We examine the proposal by Spronck and Nikitina (this issue) that the phenomenon known as ‘reported speech’ constitutes a dedicated syntactic domain. This domain is defined as a “dedicated syntactic relation that differs from other sentential syntactic structures”, containing elements which are “primarily conventionalized and conditioned by grammar in a narrower sense”. Their stated goal is to “identify and classify phenomena occurring in the context of reported speech, and to propose benchmarks for establishing reported speech as a cross-linguistic category”. We broadly agree with the definition of reported speech proposed as useful for investigating how specific languages constrain the inference of this particular aspect of meaning via ostensive and inferential communicative acts (LaPolla 2003). The proposed definition enables functional identification of all kinds of reported speech practices while making no assumptions about how these practices formally manifest within different language ecologies. However, we disagree with the case for syntactic exceptionalism, i.e. the category ‘reported speech’ as a dedicated syntactic domain. Our main concern is that this claim downplays important evidence regarding the unified and multimodal ‘semiotic repertoire’ (Kendon 2014; Kusters et al. 2017) available for reporting utterances, thoughts, feelings, attitudes and actions across diverse languages – including deaf signed languages – of which the highly grammaticalised and conventional encoding of reported speech utterances is just one part.

We argue that acts of reported speech are primarily depictions, which may not necessarily involve conventionally symbolic form-to-meaning mappings. Indeed, they are often entirely non-conventional bodily actions that are heavily dependent on the unfolding context for interpretation: “[t]hey use material gradiently so that certain changes in form imply analogical differences in meaning…to interpret depictions, we imagine what it is like to see the thing depicted” (Dingemanse 2015: 950). These depictions may (or may not) be framed by more conventional indications (such as indexical finger-pointing actions or deictic speech markers) and/or descriptions (such as conventionalised quotative markers or verbs of saying) (Clark 1996; Ferrara & Hodge 2018). Thus, while it is certainly common for speakers of various languages to signal reported speech via conventionalised morphosyntactic strategies, and for the utterances reported to contain conventionally symbolic forms, these patterns do not represent the full range of reported speech practices observed for either signers or speakers. Instead, it is the (potentially non-conventional) semiotic properties of depiction which are foundational to all acts of reported speech (not conventionalised syntactic properties). We suggest that recruiting Spronck and Nikitina’s proposed definition of reported speech for a functional comparative concept (Haspelmath 2010; Croft 2016) enactment might offer a “modality-agnostic” (Dingemanse 2019; see also Okrent 2002) semiotic method for describing and comparing language-specific strategies for reporting self and others outside the current speech moment.

2 The case for reported speech as a dedicated syntactic domain

Spronck and Nikitina strive to unite functional and formal frameworks for describing ‘reported speech’. They consider a range of definitions, leading with an older, sociological notion developed within the Bakhtinian group active in the early twentieth century: “speech within speech, utterance within utterance, and at the same time also speech about speech, utterance about utterance” (italics in the original, Vološinov 1973: 115).

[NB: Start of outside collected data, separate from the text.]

text \<open>The router sends the \<open>i\<close>-th visit of \<open>v\<close> to \<open>u\<close> exactly when \<open>\<psi>(i)\<close> lies in an interval
  \<open>[s, t)\<close> of length \<open>P v u\<close>, cut out of \<open>[0, 1)\<close> by the prefix sums of the row of \<open>P\<close>. So it
  suffices to bound, for every window of \<open>n\<close> consecutive indices, the discrepancy \<open>D(n)\<close> between
  the number of \<open>\<psi>(j) < x\<close> and \<open>n x\<close>. Since \<open>\<psi>(2m) = \<psi>(m)/2\<close> and \<open>\<psi>(2m+1) = 1/2 + \<psi>(m)/2\<close>,
  a window splits into its even and odd indices, which are windows of at most \<open>\<lceil>n/2\<rceil>\<close> indices
  for \<open>\<psi>\<close> again and whose sizes differ by at most one: for \<open>x \<le> 1/2\<close> only the even half can
  contribute (with threshold \<open>2x\<close>), for \<open>x > 1/2\<close> the whole even half does and the odd half is
  tested against \<open>2x - 1\<close>. This gives \<open>D(n) \<le> D(\<lceil>n/2\<rceil>) + 1/2\<close>, whence
  \<open>D(n) \<le> lg(n - 1)/2 + 3/2 \<le> lg(n + 1)\<close>, and an interval \<open>[s, t)\<close> costs twice that.\<close>

lemma vdc_eq_digit_sum:
  assumes "i < 2 ^ K"
  shows "vdc i = (\<Sum>j<K. real (i div 2 ^ j mod 2) / 2 ^ (j + 1))"
proof (cases "i = 0")
  case True
  then show ?thesis by (simp add: vdc_def)
next
  case False
  define L where "L = nat \<lfloor>log 2 (real i)\<rfloor>"
  have "\<lfloor>log 2 (real i)\<rfloor> = int L"
    using False by (simp add: L_def)
  then have L: "2 ^ L \<le> i" "i < 2 ^ Suc L"
    using floor_log_nat_eq_powr_iff[of 2 i L] False by simp_all
  have "Suc L \<le> K"
  proof (rule ccontr)
    assume "\<not> Suc L \<le> K"
    then have "(2::nat) ^ K \<le> 2 ^ L" by (intro power_increasing) simp_all
    with L(1) assms show False by linarith
  qed
  have "vdc i = (\<Sum>j<Suc L. real (i div 2 ^ j mod 2) / 2 ^ (j + 1))"
    using False by (simp add: vdc_def L_def atLeast0AtMost lessThan_Suc_atMost)
  also have "\<dots> = (\<Sum>j<K. real (i div 2 ^ j mod 2) / 2 ^ (j + 1))"
  proof (rule sum.mono_neutral_left)
    show "\<forall>j\<in>{..<K} - {..<Suc L}. real (i div 2 ^ j mod 2) / 2 ^ (j + 1) = 0"
    proof
      fix j assume "j \<in> {..<K} - {..<Suc L}"
      then have "(2::nat) ^ Suc L \<le> 2 ^ j" by (intro power_increasing) simp_all
      with L(2) show "real (i div 2 ^ j mod 2) / 2 ^ (j + 1) = 0" by simp
    qed
  qed (use \<open>Suc L \<le> K\<close> in auto)
  finally show ?thesis .
qed
(* Let $F$ be a field of characteristic $p>0$, let $S\subset F$ be nonempty with $\mathrm{pdeg}(S)=k$ finite, and let $\{a_1,\ldots,a_k\}$ be a $p$-basis of $F^p(S)$. For $r\in\{1,\ldots,k\}$ put $t=k-r+1$. Then $$\operatorname{ann}\Omega^n_F\Big(\textstyle\bigwedge^r\mathrm{d} S\Big)=\sum_{\substack{\{i_1,\ldots,i_t\}\subset\{1,\ldots,k\}\\ i_1<\cdots<i_t}}\mathrm{d} a_{i_1}\wedge\cdots\wedge\mathrm{d} a_{i_t}\wedge\Omega^{n-t}(F),$$ and for $r>k$ we have $\operatorname{ann}\Omega^n_F(\bigwedge^r\mathrm{d} S)=\Omega^n(F)$.
   Context: $F$ is a field of characteristic $p>0$. $\Omega^1(F)$ is the $F$-vector space generated by symbols $\mathrm{d} a$ ($a\in F$) with $\mathrm{d}(a+b)=\mathrm{d} a+\mathrm{d} b$, $\mathrm{d}(ab)=a\,\mathrm{d} b+b\,\mathrm{d} a$; $\Omega^n(F)=\bigwedge^n_F\Omega^1(F)$ for $n\geq1$, $\Omega^0(F)=F$, $\Omega^n(F)=0$ for $n<0$. A subset $A\subset F$ is $p$-independent if $[F^p(a_1,\ldots,a_m):F^p]=p^m$ for all finite $\{a_1,\ldots,a_m\}\subset A$; for $C\subset F$, $\mathrm{pdeg}(C)=\log_p[F^p(C):F^p]$; a $p$-basis of a field $L$ with $F^p\subseteq L\subseteq F$ is a $p$-independent $A\subset L$ with $F^p(A)=L$. For nonempty $S\subset F$, $\bigwedge^r\mathrm{d} S=\{\mathrm{d} s_1\wedge\cdots\wedge\mathrm{d} s_r\mid s_i\in S\}\subset\Omega^r(F)$. For nonempty $U\subset\Omega^r(F)$, $\operatorname{ann}\Omega^n_F(U)=\{\omega\in\Omega^n(F)\mid\omega\wedge u=0\text{ for all }u\in U\}$. *)

theory Defs
  imports Main
begin

definition subfield :: "'a::field set \<Rightarrow> bool" where
  "subfield K \<longleftrightarrow> 0 \<in> K \<and> 1 \<in> K \<and> (\<forall>x\<in>K. \<forall>y\<in>K. x + y \<in> K \<and> x - y \<in> K \<and> x * y \<in> K)
     \<and> (\<forall>x\<in>K. inverse x \<in> K)"

definition gen_field :: "'a::field set \<Rightarrow> 'a set" where
  "gen_field X = \<Inter>{K. subfield K \<and> X \<subseteq> K}"

definition Fp :: "'a::field set" where
  "Fp = {x ^ CHAR('a) | x. True}"

definition Fp_adj :: "'a::field set \<Rightarrow> 'a set" where
  "Fp_adj C = gen_field (Fp \<union> C)"

definition lin_indep_over :: "'a::field set \<Rightarrow> 'a set \<Rightarrow> bool" where
  "lin_indep_over K B \<longleftrightarrow> (\<forall>B0 c. finite B0 \<and> B0 \<subseteq> B \<and> (\<forall>b\<in>B0. c b \<in> K)
      \<and> (\<Sum>b\<in>B0. c b * b) = 0 \<longrightarrow> (\<forall>b\<in>B0. c b = 0))"

definition span_over :: "'a::field set \<Rightarrow> 'a set \<Rightarrow> 'a set" where
  "span_over K B = {(\<Sum>b\<in>B0. c b * b) | B0 c. finite B0 \<and> B0 \<subseteq> B \<and> (\<forall>b\<in>B0. c b \<in> K)}"

definition ext_degree_is :: "'a::field set \<Rightarrow> 'a set \<Rightarrow> nat \<Rightarrow> bool" where
  "ext_degree_is K L d \<longleftrightarrow> (\<exists>B. finite B \<and> card B = d \<and> B \<subseteq> L \<and> lin_indep_over K B \<and> span_over K B = L)"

Spronck and Nikitina therefore propose the following definition (which includes aspects of both form and function) as compatible with most general treatments in the spoken language literature:

Reported speech is a representation of an utterance as spoken by some other speaker, or by the current speaker at a speech moment other than the current speech moment. For our current purposes, this includes all relevant meanings involved and the dedicated linguistic devices for signalling them (emphasis added).

However, Spronck and Nikitina acknowledge three problems with this definition: (1) it relies too much on the prototypical projection of spoken utterances in reported speech constructions, while excluding other epistemological senses such as ‘thinking’ and ‘wanting’; (2) it obscures the great diversity in the expression of reported speech that can be observed – many of which may be marked by “minimal linguistic means or even extra-linguistic means such as eye gaze or gesture”; and (3) it does not differentiate between reported speech as a discourse act and as a grammatical construction. They offer eight cross-linguistic observations they claim differentiate the syntax of reported speech from other syntactic categories (presumably only in spoken languages, since deaf signed languages are not mentioned at all).

The authors conclude that all reported speech components minimally include: (a) a semiotic status of ‘demonstratedness’; (b) an evidentiality component (reflecting a deictic relation between the speech event reported and the original event); and (c) a modality component (reflecting the speaker’s epistemic evaluation of the reported utterance). We agree this definition is sufficiently narrow to capture the range of reported speech strategies documented by Spronck and Nikitina, and general enough to be effectively operationalised across data from both signed and spoken languages (even though they only address the latter). However, it also captures much more than just highly grammaticalised and conventionalised morphosyntactic strategies for reporting speech, and as such cannot constitute a dedicated syntactic domain as defined by the authors – at least not without excluding important aspects of semiotic diversity for signalling description, indication and depiction across signed and spoken languages (Clark 1996; Kendon 2014; Kusters et al. 2017; Ferrara & Hodge 2018).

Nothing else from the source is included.